There are no Arizona authorities that specifically discuss the issue whether an attorney can be subjected to civil liability for assisting a client in breaking a contract. In McElhanon v. Hing, 151 Ariz. 386, 728 P.2d 256 (App. 1985), affirmed in part and vacated in part on other grounds 151 Ariz. 403, 728 P.2d 273 (1986), the Court of Appeals held that the rationale of permitting attorneys to be held liable for committing the intentional torts of abuse of process and/or malicious prosecution would also support the imposition of liability upon an attorney who knowingly prepared for a client a fraudulent conveyance in an action brought by the defrauded creditors:

The privilege an attorney has for his actions in representing a client is a qualified one that does not extend to the intentional torts of malicious prosecution and abuse of process. Nor should the privilege apply to the intentional acts of furthering and participating in a fraudulent conveyance.

Id., 151 Ariz. at 394, 728 P.2d at 394. See also Boone v. Superior Court In and For Maricopa County, 145 Ariz. 235, 242, 700 P.2d 1335, 1342, fn.2 (1985). The Court did, however, rely strongly on the fact that the allegation was that the attorney was at least assisting, and possibly actively participating in, the client's fraud.

1.1:600   Vicarious Liability [see 5.1:500]

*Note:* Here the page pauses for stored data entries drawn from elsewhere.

lemma sum_abs_sign_weight: "n > 0 \<Longrightarrow> (\<Sum>i\<le>n. \<bar>sign_weight n i\<bar>) = 2"
proof -
  assume n: "n > 0"
  have "(\<Sum>i\<le>n. \<bar>sign_weight n i\<bar>) = (\<Sum>i\<le>n. real (n choose i)) / 2^(n-1)"
    by (simp add: sign_weight_def abs_mult sum_divide_distrib)
  also have "(\<Sum>i\<le>n. real (n choose i)) = 2^n"
    using choose_row_sum[of n] by (metis of_nat_numeral of_nat_power of_nat_sum)
  also have "(2::real)^n / 2^(n-1) = 2" using n
    by (cases n) simp_all
  finally show ?thesis .
qed

lemma sign_weight_mult_sign: "sign_weight n i * (-1)^i = \<bar>sign_weight n i\<bar>"
  by (cases "even i") (simp_all add: sign_weight_def abs_mult)

lemma abs_node_le:
  assumes "i \<le> n" "n > 0" "w \<ge> 0"
  shows "\<bar>node n w i\<bar> \<le> w"
proof -
  have "2 * w / real n * real i = 2 * w * (real i / real n)" by simp
  also have "\<dots> \<le> 2 * w" using assms by (intro mult_left_le) auto
  moreover have "0 \<le> 2 * w / real n * real i" using assms by simp
  ultimately show ?thesis unfolding node_def abs_le_iff by linarith
qed

lemma abs_moment_sign_weight_le:
  assumes "n > 0" "w \<ge> 0"
  shows "\<bar>\<Sum>i\<le>n. sign_weight n i * node n w i ^ k\<bar> \<le> 2 * w^k"
proof -
  have "\<bar>\<Sum>i\<le>n. sign_weight n i * node n w i ^ k\<bar> \<le> (\<Sum>i\<le>n. \<bar>sign_weight n i\<bar> * w^k)"
    using abs_node_le[OF _ assms]
    by (intro order_trans[OF sum_abs] sum_mono)
       (auto simp: abs_mult power_abs intro!: mult_left_mono power_mono)
  also have "\<dots> = 2 * w^k"
    using sum_abs_sign_weight[OF assms(1)] by (simp add: sum_distrib_right[symmetric])
  finally show ?thesis .
qed

lemma chi_square_mixture_diff_le:
  assumes "n > 0" "w \<ge> 0"
  shows "(\<Sum>x\<le>t. (mixture_diff n w t x)^2 / binom_prob t (1/2) x)
     \<le> 4 * (\<Sum>k\<in>{n..t}. real (t choose k) * (4 * w^2)^k)"
proof -
  have "(\<Sum>x\<le>t. (mixture_diff n w t x)^2 / binom_prob t (1/2) x)
     = (\<Sum>k\<le>t. real (t choose k) * 4^k * (\<Sum>i\<le>n. sign_weight n i * node n w i ^ k)^2)"
    unfolding mixture_diff_def by (rule chi_square_binomial_mixture) simp
  also have "\<dots> = (\<Sum>k\<in>{n..t}. real (t choose k) * 4^k * (\<Sum>i\<le>n. sign_weight n i * node n w i ^ k)^2)"
    by (rule sum.mono_neutral_right) (auto simp: moment_sign_weight_eq_0)
  also have "\<dots> \<le> (\<Sum>k\<in>{n..t}. real (t choose k) * 4^k * (2 * w^k)^2)"
  proof (intro sum_mono mult_left_mono)
    fix k
    show "(\<Sum>i\<le>n. sign_weight n i * node n w i ^ k)^2 \<le> (2 * w^k)^2"
      using abs_moment_sign_weight_le[OF assms, of k] assms(2)
      by (metis abs_le_square_iff abs_of_nonneg zero_le_mult_iff zero_le_numeral zero_le_power)
  qed simp
  also have "\<dots> = 4 * (\<Sum>k\<in>{n..t}. real (t choose k) * (4 * w^2)^k)"
    by (simp add: sum_distrib_left power_mult_distrib power_mult[symmetric] mult_ac)
  finally show ?thesis .
qed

Under AZ-ER 5.1(c), a partner in a firm will be responsible for the misconduct of another lawyer in the firm if (1) the partner ordered the conduct involved or, with knowledge of the specific conduct involved, ratified it, or (2) learns of the misconduct at a time when its consequences can be avoided or mitigated, but fails to take reasonable remedial action. In addition, under the doctrine of Matter of Galbasini, 163 Ariz. 120, 786 P.2d 971 (1990), a partner in a firm could be found to have violated the provisions of AZ-ER 5.1(a) if the partner fails to take any precautionary steps at all to see that that the firm has taken measures to ensure that lawyers in the firm comply with their ethical obligations, even if no ethical violations by other lawyers in the firm occur.

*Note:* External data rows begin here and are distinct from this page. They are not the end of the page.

(* Let $F=\mathrm{F}(1,\langle2\rangle,\mathbb Z[\tfrac12])$, $T=\mathrm{T}(1,\langle2\rangle,\mathbb Z[\tfrac12])$, $V=\mathrm{V}(1,\langle2\rangle,\mathbb Z[\tfrac12])$ (Thompson's groups). Let $x_0,x_1\in F$ be given by $$(t)x_0=\begin{cases}2t,&t\in[0,\tfrac14]\\ t+\tfrac14,&t\in[\tfrac14,\tfrac12]\\ \tfrac t2+\tfrac12,&t\in[\tfrac12,1)\end{cases}\qquad (t)x_1=\begin{cases}t,&t\in[0,\tfrac12]\\ 2t-\tfrac12,&t\in[\tfrac12,\tfrac58]\\ t+\tfrac18,&t\in[\tfrac58,\tfrac34]\\ \tfrac t2+\tfrac12,&t\in[\tfrac34,1)\end{cases}$$ and let $a=x_0^2$, $b=x_1x_0^{-1}x_1^{-1}x_0$ (product of right-acting maps). Then $\langle a,b\rangle=\langle b\rangle\wr\langle a\rangle\cong\mathbb Z\wr\mathbb Z$, and there is a single first-order formula in the group language with parameters from $F$ which defines the subgroup $\langle a,b\rangle$ in each of $F$, $T$ and $V$.
   Context: $\mathrm{V}(r,\Lambda,A)$ is the group of bijections $x\colon[0,r)\to[0,r)$ that are piecewise affine with finitely many cuts and singular points, right-continuous everywhere, all slopes in $\Lambda$, all cut/singular points and their images in $A$; $\mathrm{F}(r,\Lambda,A)$ is its subgroup of elements continuous in the usual topology, $\mathrm{T}(r,\Lambda,A)$ its subgroup of elements continuous in the circle topology of $[0,r)\cong[0,r]/\{0,r\}$. Maps act on the right: $(t)(xy)=((t)x)y$. $\langle b\rangle\wr\langle a\rangle$ denotes the restricted wreath product: the conjugates $a^{-k}ba^k$ ($k\in\mathbb Z$) generate a free abelian group with basis $(a^{-k}ba^k)_k$, and $\langle a,b\rangle$ is its semidirect product with the infinite cyclic group $\langle a\rangle$. *)

theory Defs
  imports Complex_Main
begin

definition dyadic :: "real \<Rightarrow> bool" where
  "dyadic x \<longleftrightarrow> (\<exists>m::int. \<exists>n::nat. x = of_int m / 2 ^ n)"

text \<open>Elements are maps real to real which are the identity outside [0,1).
  Maps act on the right: (t)(x y) = ((t)x)y, so the product x y is y o x.\<close>

definition gmul :: "(real \<Rightarrow> real) \<Rightarrow> (real \<Rightarrow> real) \<Rightarrow> (real \<Rightarrow> real)" where
  "gmul x y = y \<circ> x"

definition ginv :: "(real \<Rightarrow> real) \<Rightarrow> (real \<Rightarrow> real)" where
  "ginv x = inv x"

definition gpow :: "(real \<Rightarrow> real) \<Rightarrow> int \<Rightarrow> (real \<Rightarrow> real)" where
  "gpow x n = (if 0 \<le> n then (gmul x ^^ nat n) id else (gmul (ginv x) ^^ nat (- n)) id)"

inductive_set gen_by :: "(real \<Rightarrow> real) set \<Rightarrow> (real \<Rightarrow> real) set" for S where
  gen_id: "id \<in> gen_by S"
| gen_base: "s \<in> S \<Longrightarrow> s \<in> gen_by S"
| gen_mul: "x \<in> gen_by S \<Longrightarrow> y \<in> gen_by S \<Longrightarrow> gmul x y \<in> gen_by S"
| gen_inv: "x \<in> gen_by S \<Longrightarrow> ginv x \<in> gen_by S"

definition thompsonV :: "(real \<Rightarrow> real) set" where
  "thompsonV = {f.
     (\<forall>t. t \<notin> {0..<1} \<longrightarrow> f t = t) \<and>
     bij_betw f {0..<1} {0..<1} \<and>
     (\<exists>ps :: real list. length ps \<ge> 2 \<and> sorted_wrt (<) ps \<and> hd ps = 0 \<and> last ps = 1 \<and>
        (\<forall>p \<in> set ps. dyadic p) \<and>
        (\<forall>i < length ps - 1. dyadic (f (ps ! i)) \<and>
            (\<exists>k::int. \<exists>c::real. \<forall>t \<in> {ps ! i ..< ps ! (i+1)}. f t = 2 powr (real_of_int k) * t + c)))}"

definition thompsonF :: "(real \<Rightarrow> real) set" where
  "thompsonF = {f \<in> thompsonV. continuous_on {0..<1} f}"

text \<open>Continuity in the circle topology of [0,1) = [0,1]/{0,1} = R/Z: the induced
  map on the unit circle, pulled back along the quotient map t to exp(2 pi i t), is continuous.\<close>
definition thompsonT :: "(real \<Rightarrow> real) set" where
  "thompsonT = {f \<in> thompsonV. continuous_on UNIV (\<lambda>t. cis (2 * pi * f (frac t)))}"

definition x0 :: "real \<Rightarrow> real" where
  "x0 t = (if t < 0 \<or> 1 \<le> t then t
           else if t \<le> 1/4 then 2 * t
           else if t \<le> 1/2 then t + 1/4
           else t / 2 + 1/2)"

definition x1 :: "real \<Rightarrow> real" where
  "x1 t = (if t < 0 \<or> 1 \<le> t then t
           else if t \<le> 1/2 then t
           else if t \<le> 5/8 then 2 * t - 1/2
           else if t \<le> 3/4 then t + 1/8
           else t / 2 + 1/2)"

definition ela :: "real \<Rightarrow> real" where
  "ela = gmul x0 x0"

definition elb :: "real \<Rightarrow> real" where
  "elb = gmul (gmul (gmul x1 (ginv x0)) (ginv x1)) x0"

definition bconj :: "int \<Rightarrow> real \<Rightarrow> real" where
  "bconj k = gmul (gmul (gpow ela (- k)) elb) (gpow ela k)"

definition bprod :: "int \<Rightarrow> (int \<Rightarrow> int) \<Rightarrow> real \<Rightarrow> real" where
  "bprod N n = foldr (\<lambda>k acc. gmul (gpow (bconj k) (n k)) acc) [- N..N] id"

datatype gterm = GVar nat | GPar nat | GOne | GMul gterm gterm | GInv gterm

datatype gform = GEq gterm gterm | GNot gform | GAnd gform gform | GEx nat gform

fun evt :: "(nat \<Rightarrow> real \<Rightarrow> real) \<Rightarrow> (nat \<Rightarrow> real \<Rightarrow> real) \<Rightarrow> gterm \<Rightarrow> real \<Rightarrow> real" where
  "evt ps e (GVar i) = e i"
| "evt ps e (GPar i) = ps i"
| "evt ps e GOne = id"
| "evt ps e (GMul s t) = gmul (evt ps e s) (evt ps e t)"
| "evt ps e (GInv s) = ginv (evt ps e s)"

fun sat :: "(real \<Rightarrow> real) set \<Rightarrow> (nat \<Rightarrow> real \<Rightarrow> real) \<Rightarrow> (nat \<Rightarrow> real \<Rightarrow> real) \<Rightarrow> gform \<Rightarrow> bool" where
  "sat G ps e (GEq s t) = (evt ps e s = evt ps e t)"
| "sat G ps e (GNot \<phi>) = (\<not> sat G ps e \<phi>)"
| "sat G ps e (GAnd \<phi> \<psi>) = (sat G ps e \<phi> \<and> sat G ps e \<psi>)"
| "sat G ps e (GEx v \<phi>) = (\<exists>g \<in> G. sat G ps (e(v := g)) \<phi>)"

end

theory Submission
  imports Defs
begin

(* Everything is made concrete by one partition of (0,1) into the dyadic intervals
   piece i = [pstart i, pstart (i+1)), i in Z, accumulating at 0 and at 1: x0 maps piece i
   affinely onto piece (i+1), so a^k = apow k shifts pieces by 2k.  The element b is supported
   on supp 0 = (1/2, 7/8), which is the union of two consecutive pieces, and its conjugates
   a^(-k) b a^k are supported on the disjoint intervals supp k = apow k ` supp 0.  Hence the
   conjugates commute, and every element of <a,b> has the normal form  bvec n o apow m  with
   n finitely supported; this yields the wreath-product structure.

   For definability, the formula says: "there is u commuting with a such that, for all v
   commuting with a, u^(-2) g commutes with v^(-2) b v^2".  In any G between F and V the
   centraliser of a is exactly the group of powers of x0 (an element commuting with a is
   determined by its linear germ at 0), so the formula says that some a^(-m) g commutes with
   every conjugate of b.  Such a map agrees with a power of the respective conjugate on each
   supp k (its germ at the left end point of supp k is linear and commutes with b), and it is
   the identity near 0 and near 1 (it is affine there and fixes infinitely many points
   accumulating at 0 resp. 1).  So it lies in the base group, i.e. g is in <a,b>. *)

definition pow2 :: "int \<Rightarrow> real" where "pow2 i = 2 powr (real_of_int i)"

lemma pow2_pos[simp]: "0 < pow2 i" by (simp add: pow2_def)
lemma pow2_nonneg[simp]: "0 \<le> pow2 i" by (simp add: pow2_def)
lemma pow2_ne0[simp]: "pow2 i \<noteq> 0" by (simp add: pow2_def)
lemma pow2_add: "pow2 (i + j) = pow2 i * pow2 j" by (simp add: pow2_def powr_add)
lemma pow2_0[simp]: "pow2 0 = 1" by (simp add: pow2_def)
lemma pow2_1[simp]: "pow2 1 = 2" by (simp add: pow2_def)
lemma pow2_minus: "pow2 (- i) = 1 / pow2 i" by (simp add: pow2_def powr_minus divide_inverse)
lemma pow2_diff: "pow2 (i - j) = pow2 i / pow2 j" using pow2_add[of i "-j"] pow2_minus[of j] by simp
lemma pow2_Suc: "pow2 (i + 1) = 2 * pow2 i" by (simp add: pow2_add)
lemma pow2_pred: "pow2 (i - 1) = pow2 i / 2" by (simp add: pow2_diff)
lemma pow2_nat: "pow2 (int n) = 2 ^ n" by (simp add: pow2_def powr_realpow)
lemma pow2_less_iff[simp]: "pow2 i < pow2 j \<longleftrightarrow> i < j" by (simp add: pow2_def)
lemma pow2_le_iff[simp]: "pow2 i \<le> pow2 j \<longleftrightarrow> i \<le> j" by (simp add: pow2_def)
lemma pow2_inj[simp]: "pow2 i = pow2 j \<longleftrightarrow> i = j" by (metis order.antisym order_refl pow2_le_iff)
lemma pow2_lt1_iff[simp]: "pow2 i < 1 \<longleftrightarrow> i < 0" using pow2_less_iff[of i 0] by simp
lemma pow2_le1_iff[simp]: "pow2 i \<le> 1 \<longleftrightarrow> i \<le> 0" using pow2_le_iff[of i 0] by simp
lemma pow2_eq1[simp]: "pow2 i = 1 \<longleftrightarrow> i = 0" using pow2_inj[of i 0] by simp
lemma pow2_neg_nat: "pow2 (- int n) = 1 / 2 ^ n" by (simp add: pow2_minus pow2_nat)
lemma pow2_neg_Suc: "pow2 (- int (Suc k)) = pow2 (- int k) / 2"
proof -
  have "- int (Suc k) = - int k - 1" by simp
  thus ?thesis by (simp only: pow2_pred)
qed
lemma pow2_num[simp]: "pow2 2 = 4" "pow2 (-1) = 1/2" "pow2 (-2) = 1/4" "pow2 (-3) = 1/8"
  using pow2_nat[of 2] pow2_neg_nat[of 1] pow2_neg_nat[of 2] pow2_neg_nat[of 3] by simp_all

lemma pow2_small: assumes "0 < d" shows "\<exists>n::nat. pow2 (- int n) < d"
proof -
  obtain n where "(1/2::real)^n < d" using real_arch_pow_inv[OF assms, of "1/2"] by auto
  thus ?thesis by (auto simp: pow2_neg_nat power_one_over)
qed

lemma pow2_small_int: assumes "0 < d" shows "\<exists>K::int. \<forall>i\<le>K. pow2 i < d"
proof -
  obtain n::nat where "pow2 (- int n) < d" using pow2_small[OF assms] by auto
  thus ?thesis by (intro exI[of _ "- int n"]) (auto intro: le_less_trans[rotated])
qed

lemma dyadic_int[simp]: "dyadic (of_int m)"
  unfolding dyadic_def by (rule exI[of _ m], rule exI[of _ 0]) simp
lemma dyadic_0[simp]: "dyadic 0" using dyadic_int[of 0] by simp
lemma dyadic_1[simp]: "dyadic 1" using dyadic_int[of 1] by simp
lemma dyadic_frac[simp]: "dyadic (of_int m / 2 ^ n)" unfolding dyadic_def by blast

lemma dyadic_add: assumes "dyadic x" "dyadic y" shows "dyadic (x + y)"
proof -
  obtain m n m' n' where x: "x = of_int m / 2 ^ n" and y: "y = of_int m' / 2 ^ n'"
    using assms unfolding dyadic_def by blast
  have "x + y = of_int (m * 2 ^ n' + m' * 2 ^ n) / 2 ^ (n + n')"
    by (simp add: x y field_simps power_add)
  thus ?thesis unfolding dyadic_def by blast
qed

If the misconduct is such that it also results in malpractice liability to the client then all partners in the firm will be jointly and severally liable for any judgment entered in favor of the client. Clogher v. Winston & Strawn, 181 Ariz. 372, 891 P.2d 240 (App. 1995). In fact, it has been held that, under Arizona's partnership statutes and common law, punitive damages may be awarded vicariously against a partnership for acts of a partner performed in the ordinary course of the partnership's business. Hyatt Regency Phoenix Hotel Company v. Winston & Strawn, 184 Ariz. 120, 907 P.2d 506 (App. 1995), cert. denied 517 U.S. 1234, 116 S.Ct. 1877, 135 L.Ed.2d 173 (1996). Thus, it is not uncommon to find that many Arizona law firms have organized, or reorganized, themselves as either "limited liability corporations" or "limited liability partnerships" to avoid this exposure.